(* Let $(\mathbf{i},\mathbf{a})\in I^m\times\mathbb{Z}^m$ be an integral pair and let $\pi_{\mathbf{a}}\in S_m$ be the shortest permutation such that $\pi_{\mathbf{a}}(\mathbf{a})$ is weakly increasing with respect to the preorder $\preceq$. Then $\pi_{\mathbf{a}}$ is $(\mathbf{i},\mathbf{a})$-admissible.
   Context: $I$ is the vertex set of a finite simple bipartite graph $I=I_{\bar0}\sqcup I_{\bar1}$ (parities $0,1$); every edge is oriented from its even endpoint to its odd endpoint, and $i\leftarrow j$ means there is an oriented edge from $j$ to $i$. $(\mathbf{i},\mathbf{a})$ is integral if each $a_k$ is an integer whose residue mod 2 equals the parity of $i_k$. The preorder $\preceq$ on $\mathbb{Z}$ is $a\preceq b$ iff $\lfloor a/2\rfloor\le\lfloor b/2\rfloor$. $S_m$ acts on tuples by $\pi(\mathbf{a})=(a_{\pi^{-1}(1)},\dots,a_{\pi^{-1}(m)})$. Distinct indices $k,l$ are not $(\mathbf{i},\mathbf{a})$-switchable if $i_k\leftarrow i_l$ and $a_k=a_l+1$ (checked for the pair in either order); $\pi$ is $(\mathbf{i},\mathbf{a})$-admissible if for every non-switchable pair $k,l$, $\pi(k),\pi(l)$ are in the same relative order as $k,l$. *)

theory Defs
  imports Complex_Main "HOL-Combinatorics.Permutations"
begin

(* Finite simple bipartite graph on vertex set V with parity p : V -> {0,1};
   the parts are I_0 = {v. p v = 0} and I_1 = {v. p v = 1}. *)
definition bipartite_graph :: "'v set \<Rightarrow> ('v \<Rightarrow> 'v \<Rightarrow> bool) \<Rightarrow> ('v \<Rightarrow> int) \<Rightarrow> bool" where
  "bipartite_graph V E p \<longleftrightarrow> finite V
     \<and> (\<forall>v\<in>V. p v \<in> {0, 1})
     \<and> (\<forall>u v. E u v \<longrightarrow> u \<in> V \<and> v \<in> V)
     \<and> (\<forall>u v. E u v \<longrightarrow> E v u)
     \<and> (\<forall>v. \<not> E v v)
     \<and> (\<forall>u v. E u v \<longrightarrow> p u \<noteq> p v)"

(* i <- j : there is an oriented edge from j to i (edges go even -> odd) *)
definition arrow :: "('v \<Rightarrow> 'v \<Rightarrow> bool) \<Rightarrow> ('v \<Rightarrow> int) \<Rightarrow> 'v \<Rightarrow> 'v \<Rightarrow> bool" where
  "arrow E p i j \<longleftrightarrow> E j i \<and> p j = 0 \<and> p i = 1"

(* (i,a) integral; tuples are lists indexed 0..m-1 *)
definition integral_pair :: "'v set \<Rightarrow> ('v \<Rightarrow> int) \<Rightarrow> 'v list \<Rightarrow> int list \<Rightarrow> bool" where
  "integral_pair V p is as \<longleftrightarrow> length is = length as \<and> set is \<subseteq> V
     \<and> (\<forall>k < length as. as ! k mod 2 = p (is ! k))"

definition preceq :: "int \<Rightarrow> int \<Rightarrow> bool" where
  "preceq a b \<longleftrightarrow> \<lfloor>real_of_int a / 2\<rfloor> \<le> \<lfloor>real_of_int b / 2\<rfloor>"

definition act :: "(nat \<Rightarrow> nat) \<Rightarrow> 'a list \<Rightarrow> 'a list" where
  "act \<pi> xs = permute_list (inv \<pi>) xs"

(* Coxeter length of a permutation of {0..<m}: number of inversions *)
definition perm_length :: "nat \<Rightarrow> (nat \<Rightarrow> nat) \<Rightarrow> nat" where
  "perm_length m \<pi> = card {(k, l). k < l \<and> l < m \<and> \<pi> l < \<pi> k}"

definition not_switchable :: "('v \<Rightarrow> 'v \<Rightarrow> bool) \<Rightarrow> ('v \<Rightarrow> int) \<Rightarrow> 'v list \<Rightarrow> int list \<Rightarrow> nat \<Rightarrow> nat \<Rightarrow> bool" where
  "not_switchable E p is as k l \<longleftrightarrow>
     (arrow E p (is ! k) (is ! l) \<and> as ! k = as ! l + 1) \<or>
     (arrow E p (is ! l) (is ! k) \<and> as ! l = as ! k + 1)"

definition admissible :: "('v \<Rightarrow> 'v \<Rightarrow> bool) \<Rightarrow> ('v \<Rightarrow> int) \<Rightarrow> 'v list \<Rightarrow> int list \<Rightarrow> (nat \<Rightarrow> nat) \<Rightarrow> bool" where
  "admissible E p is as \<pi> \<longleftrightarrow>
     (\<forall>k < length as. \<forall>l < length as. k \<noteq> l \<and> not_switchable E p is as k l
        \<longrightarrow> (\<pi> k < \<pi> l \<longleftrightarrow> k < l))"

end

theory Submission
  imports Defs "HOL-Library.Product_Lexorder"
begin

(* Non-switchable indices k, l satisfy a_k div 2 = a_l div 2: the arrow makes i_k odd, hence
   a_k odd, and a_k = a_l + 1. So it suffices that a shortest sorting permutation keeps indices
   with equal key a div 2 in their original order. The stable sort sigma by this key inverts
   exactly the pairs with strictly decreasing keys, and every sorting permutation must invert
   those too; a sorting permutation with no more inversions than sigma therefore inverts no
   pair of equal keys. *)

lemma sorted_wrt_act_iff:
  assumes perm: "\<pi> permutes {..<length xs}"
  shows "sorted_wrt R (act \<pi> xs) \<longleftrightarrow>
    (\<forall>k<length xs. \<forall>l<length xs. \<pi> k < \<pi> l \<longrightarrow> R (xs ! k) (xs ! l))"
    (is "_ \<longleftrightarrow> ?ordered")
proof -
  have inv_perm: "inv \<pi> permutes {..<length xs}"
    using perm by (rule permutes_inv)
  have nth_act: "act \<pi> xs ! i = xs ! inv \<pi> i" if "i < length xs" for i
    unfolding act_def using permute_list_nth[OF inv_perm that] .
  have in_range: "\<pi> k < length xs" "inv \<pi> k < length xs" if "k < length xs" for k
    using that permutes_in_image[OF perm] permutes_in_image[OF inv_perm] by auto
  have inverses: "inv \<pi> (\<pi> k) = k" "\<pi> (inv \<pi> k) = k" for k
    using permutes_inverses[OF perm] by auto
  show ?thesis
    unfolding sorted_wrt_iff_nth_less
  proof (intro iffI allI impI)
    fix k l
    assume "\<forall>i j. i < j \<longrightarrow> j < length (act \<pi> xs) \<longrightarrow> R (act \<pi> xs ! i) (act \<pi> xs ! j)"
      and "k < length xs" "l < length xs" "\<pi> k < \<pi> l"
    then show "R (xs ! k) (xs ! l)"
      using in_range inverses nth_act by (metis act_def length_permute_list)
  next
    fix i j
    assume ?ordered and "i < j" "j < length (act \<pi> xs)"
    then show "R (act \<pi> xs ! i) (act \<pi> xs ! j)"
      using in_range inverses nth_act by (simp add: act_def)
  qed
qed

definition inversions :: "nat \<Rightarrow> (nat \<Rightarrow> nat) \<Rightarrow> (nat \<times> nat) set" where
  "inversions m \<pi> = {(k, l). k < l \<and> l < m \<and> \<pi> l < \<pi> k}"

lemma perm_length_eq_card_inversions: "perm_length m \<pi> = card (inversions m \<pi>)"
  by (simp add: perm_length_def inversions_def)

lemma finite_inversions: "finite (inversions m \<pi>)"
  by (rule finite_subset[of _ "{..<m} \<times> {..<m}"]) (auto simp: inversions_def)

definition rank :: "nat \<Rightarrow> (nat \<Rightarrow> 'a::linorder) \<Rightarrow> nat \<Rightarrow> nat" where
  "rank m h k = (if k < m then card {j. j < m \<and> h j < h k} else k)"

lemma rank_less_iff:
  assumes "k < m" "l < m"
  shows "rank m h k < rank m h l \<longleftrightarrow> h k < h l"
proof
  assume "h k < h l"
  then have "{j. j < m \<and> h j < h k} \<subset> {j. j < m \<and> h j < h l}"
    using \<open>k < m\<close> by auto
  then show "rank m h k < rank m h l"
    using assms by (simp add: rank_def psubset_card_mono)
next
  assume "rank m h k < rank m h l"
  moreover have "rank m h l \<le> rank m h k" if "h l \<le> h k"
    using assms that by (auto simp: rank_def intro!: card_mono)
  ultimately show "h k < h l"
    by force
qed

lemma rank_permutes:
  assumes "inj_on h {..<m}"
  shows "rank m h permutes {..<m}"
proof (rule bij_imp_permutes)
  have "rank m h k < m" if "k < m" for k
  proof -
    have "{j. j < m \<and> h j < h k} \<subseteq> {..<m} - {k}"
      by auto
    then have "card {j. j < m \<and> h j < h k} \<le> card ({..<m} - {k})"
      by (intro card_mono) auto
    then show ?thesis
      using that by (simp add: rank_def)
  qed
  moreover have "inj_on (rank m h) {..<m}"
  proof (rule inj_onI)
    fix k l
    assume "k \<in> {..<m}" "l \<in> {..<m}" "rank m h k = rank m h l"
    then have "\<not> h k < h l" "\<not> h l < h k"
      using rank_less_iff[of k m l h] rank_less_iff[of l m k h] by auto
    then show "k = l"
      using assms \<open>k \<in> {..<m}\<close> \<open>l \<in> {..<m}\<close> by (auto dest: inj_onD)
  qed
  ultimately show "bij_betw (rank m h) {..<m} {..<m}"
    by (simp add: bij_betw_def endo_inj_surj image_subset_iff)
qed (simp add: rank_def)

definition sorts_by :: "nat \<Rightarrow> (nat \<Rightarrow> 'a::order) \<Rightarrow> (nat \<Rightarrow> nat) \<Rightarrow> bool" where
  "sorts_by m f \<pi> \<longleftrightarrow> (\<forall>k<m. \<forall>l<m. \<pi> k < \<pi> l \<longrightarrow> f k \<le> f l)"

(* Pairs are ordered lexicographically, so ties in f are broken by the index. *)
definition stable_sort_perm :: "nat \<Rightarrow> (nat \<Rightarrow> 'a::linorder) \<Rightarrow> nat \<Rightarrow> nat" where
  "stable_sort_perm m f = rank m (\<lambda>k. (f k, k))"

lemma stable_sort_perm_permutes: "stable_sort_perm m f permutes {..<m}"
  unfolding stable_sort_perm_def by (rule rank_permutes) (simp add: inj_on_def)

lemma stable_sort_perm_less_iff:
  assumes "k < m" "l < m"
  shows "stable_sort_perm m f k < stable_sort_perm m f l \<longleftrightarrow> f k < f l \<or> f k = f l \<and> k < l"
  using assms by (simp add: stable_sort_perm_def rank_less_iff less_prod_def')

lemma sorts_by_stable_sort_perm: "sorts_by m f (stable_sort_perm m f)"
  by (auto simp: sorts_by_def stable_sort_perm_less_iff)

lemma inversions_stable_sort_perm:
  "inversions m (stable_sort_perm m f) = {(k, l). k < l \<and> l < m \<and> f l < f k}"
  by (auto simp: inversions_def stable_sort_perm_less_iff)

lemma inversions_stable_sort_perm_subset:
  assumes "sorts_by m f \<pi>" "inj_on \<pi> {..<m}"
  shows "inversions m (stable_sort_perm m f) \<subseteq> inversions m \<pi>"
proof (clarsimp simp: inversions_stable_sort_perm)
  fix k l
  assume "k < l" "l < m" "f l < f k"
  then have "\<not> \<pi> k < \<pi> l"
    using assms(1) unfolding sorts_by_def by (meson leD order.strict_trans)
  moreover have "\<pi> k \<noteq> \<pi> l"
    using assms(2) \<open>k < l\<close> \<open>l < m\<close> by (simp add: inj_on_contraD)
  ultimately show "(k, l) \<in> inversions m \<pi>"
    using \<open>k < l\<close> \<open>l < m\<close> by (simp add: inversions_def)
qed

lemma shortest_sorting_perm_keeps_ties:
  assumes perm: "\<pi> permutes {..<m}" and sorts: "sorts_by m f \<pi>"
    and shortest: "perm_length m \<pi> \<le> perm_length m (stable_sort_perm m f)"
    and "k < m" "l < m" "f k = f l"
  shows "\<pi> k < \<pi> l \<longleftrightarrow> k < l"
proof -
  have inj: "inj_on \<pi> {..<m}"
    using perm by (rule permutes_inj_on)
  have tie_in_order: "\<pi> i < \<pi> j" if "i < j" "j < m" "f i = f j" for i j
  proof (rule ccontr)
    assume "\<not> \<pi> i < \<pi> j"
    moreover have "\<pi> i \<noteq> \<pi> j"
      using inj that by (simp add: inj_on_contraD)
    ultimately have "(i, j) \<in> inversions m \<pi> - inversions m (stable_sort_perm m f)"
      using that by (simp add: inversions_stable_sort_perm) (simp add: inversions_def)
    moreover have "inversions m (stable_sort_perm m f) \<subseteq> inversions m \<pi>"
      using sorts inj by (rule inversions_stable_sort_perm_subset)
    ultimately have "card (inversions m (stable_sort_perm m f)) < card (inversions m \<pi>)"
      by (metis DiffD1 DiffD2 finite_inversions psubsetI psubset_card_mono)
    with shortest show False
      by (simp add: perm_length_eq_card_inversions)
  qed
  show ?thesis
    using tie_in_order[of k l] tie_in_order[of l k] assms(4-6) by (cases k l rule: linorder_cases) auto
qed

lemma preceq_iff_div: "preceq a b \<longleftrightarrow> a div 2 \<le> b div 2"
  unfolding preceq_def
  by (metis floor_divide_of_int_eq of_int_numeral)

lemma div2_eq_if_odd_succ:
  fixes a b :: int
  assumes "a mod 2 = 1" "a = b + 1"
  shows "a div 2 = b div 2"
  using assms by presburger

lemma not_switchable_div_eq:
  assumes "integral_pair V p is as" "k < length as" "l < length as"
    and "not_switchable E p is as k l"
  shows "as ! k div 2 = as ! l div 2"
proof -
  have "as ! k mod 2 = p (is ! k)" "as ! l mod 2 = p (is ! l)"
    using assms(1-3) unfolding integral_pair_def by auto
  with assms(4) show ?thesis
    unfolding not_switchable_def arrow_def
    by (metis div2_eq_if_odd_succ)
qed

lemma sorted_wrt_preceq_act_iff:
  assumes "\<pi> permutes {..<length as}"
  shows "sorted_wrt preceq (act \<pi> as) \<longleftrightarrow> sorts_by (length as) (\<lambda>k. as ! k div 2) \<pi>"
  using assms by (simp add: sorted_wrt_act_iff sorts_by_def preceq_iff_div)

theorem lemma5p9:
  fixes V :: "'v set" and E :: "'v \<Rightarrow> 'v \<Rightarrow> bool" and p :: "'v \<Rightarrow> int"
    and "is" :: "'v list" and as :: "int list" and m :: nat and \<pi> :: "nat \<Rightarrow> nat"
  assumes "bipartite_graph V E p"
    and "length is = m" and "length as = m"
    and "integral_pair V p is as"
    and "\<pi> permutes {..<m}"
    and "sorted_wrt preceq (act \<pi> as)"
    and "\<forall>\<sigma>. \<sigma> permutes {..<m} \<and> sorted_wrt preceq (act \<sigma> as)
           \<longrightarrow> perm_length m \<pi> \<le> perm_length m \<sigma>"
  shows "admissible E p is as \<pi>"
proof -
  define f where "f = (\<lambda>k. as ! k div 2)"
  have sorts: "sorts_by m f \<pi>"
    using assms(3,5,6) by (simp add: sorted_wrt_preceq_act_iff f_def)
  have "sorted_wrt preceq (act (stable_sort_perm m f) as)"
    using sorted_wrt_preceq_act_iff[of "stable_sort_perm m f" as]
    by (simp add: assms(3) stable_sort_perm_permutes sorts_by_stable_sort_perm f_def)
  then have shortest: "perm_length m \<pi> \<le> perm_length m (stable_sort_perm m f)"
    using assms(7) stable_sort_perm_permutes by blast
  have "\<pi> k < \<pi> l \<longleftrightarrow> k < l" if "k < m" "l < m" "not_switchable E p is as k l" for k l
    using shortest_sorting_perm_keeps_ties[OF assms(5) sorts shortest]
      not_switchable_div_eq[OF assms(4)] that assms(3) by (simp add: f_def)
  then show ?thesis
    using assms(3) by (simp add: admissible_def)
qed

end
-=-=-
Only one part of the material above is to be transcribed, namely the lines starting with the line that has "unfolding stable_sort_perm_def by" and going on through the line that has "using perm by (rule permutes_inj_on)", exactly as they stand.

  unfolding stable_sort_perm_def by (rule rank_permutes) (simp add: inj_on_def)

lemma stable_sort_perm_less_iff:
  assumes "k < m" "l < m"
  shows "stable_sort_perm m f k < stable_sort_perm m f l \<longleftrightarrow> f k < f l \<or> f k = f l \<and> k < l"
  using assms by (simp add: stable_sort_perm_def rank_less_iff less_prod_def')

lemma sorts_by_stable_sort_perm: "sorts_by m f (stable_sort_perm m f)"
  by (auto simp: sorts_by_def stable_sort_perm_less_iff)

lemma inversions_stable_sort_perm:
  "inversions m (stable_sort_perm m f) = {(k, l). k < l \<and> l < m \<and> f l < f k}"
  by (auto simp: inversions_def stable_sort_perm_less_iff)

lemma inversions_stable_sort_perm_subset:
  assumes "sorts_by m f \<pi>" "inj_on \<pi> {..<m}"
  shows "inversions m (stable_sort_perm m f) \<subseteq> inversions m \<pi>"
proof (clarsimp simp: inversions_stable_sort_perm)
  fix k l
  assume "k < l" "l < m" "f l < f k"
  then have "\<not> \<pi> k < \<pi> l"
    using assms(1) unfolding sorts_by_def by (meson leD order.strict_trans)
  moreover have "\<pi> k \<noteq> \<pi> l"
    using assms(2) \<open>k < l\<close> \<open>l < m\<close> by (simp add: inj_on_contraD)
  ultimately show "(k, l) \<in> inversions m \<pi>"
    using \<open>k < l\<close> \<open>l < m\<close> by (simp add: inversions_def)
qed

lemma shortest_sorting_perm_keeps_ties:
  assumes perm: "\<pi> permutes {..<m}" and sorts: "sorts_by m f \<pi>"
    and shortest: "perm_length m \<pi> \<le> perm_length m (stable_sort_perm m f)"
    and "k < m" "l < m" "f k = f l"
  shows "\<pi> k < \<pi> l \<longleftrightarrow> k < l"
proof -
  have inj: "inj_on \<pi> {..<m}"
    using perm by (rule permutes_inj_on)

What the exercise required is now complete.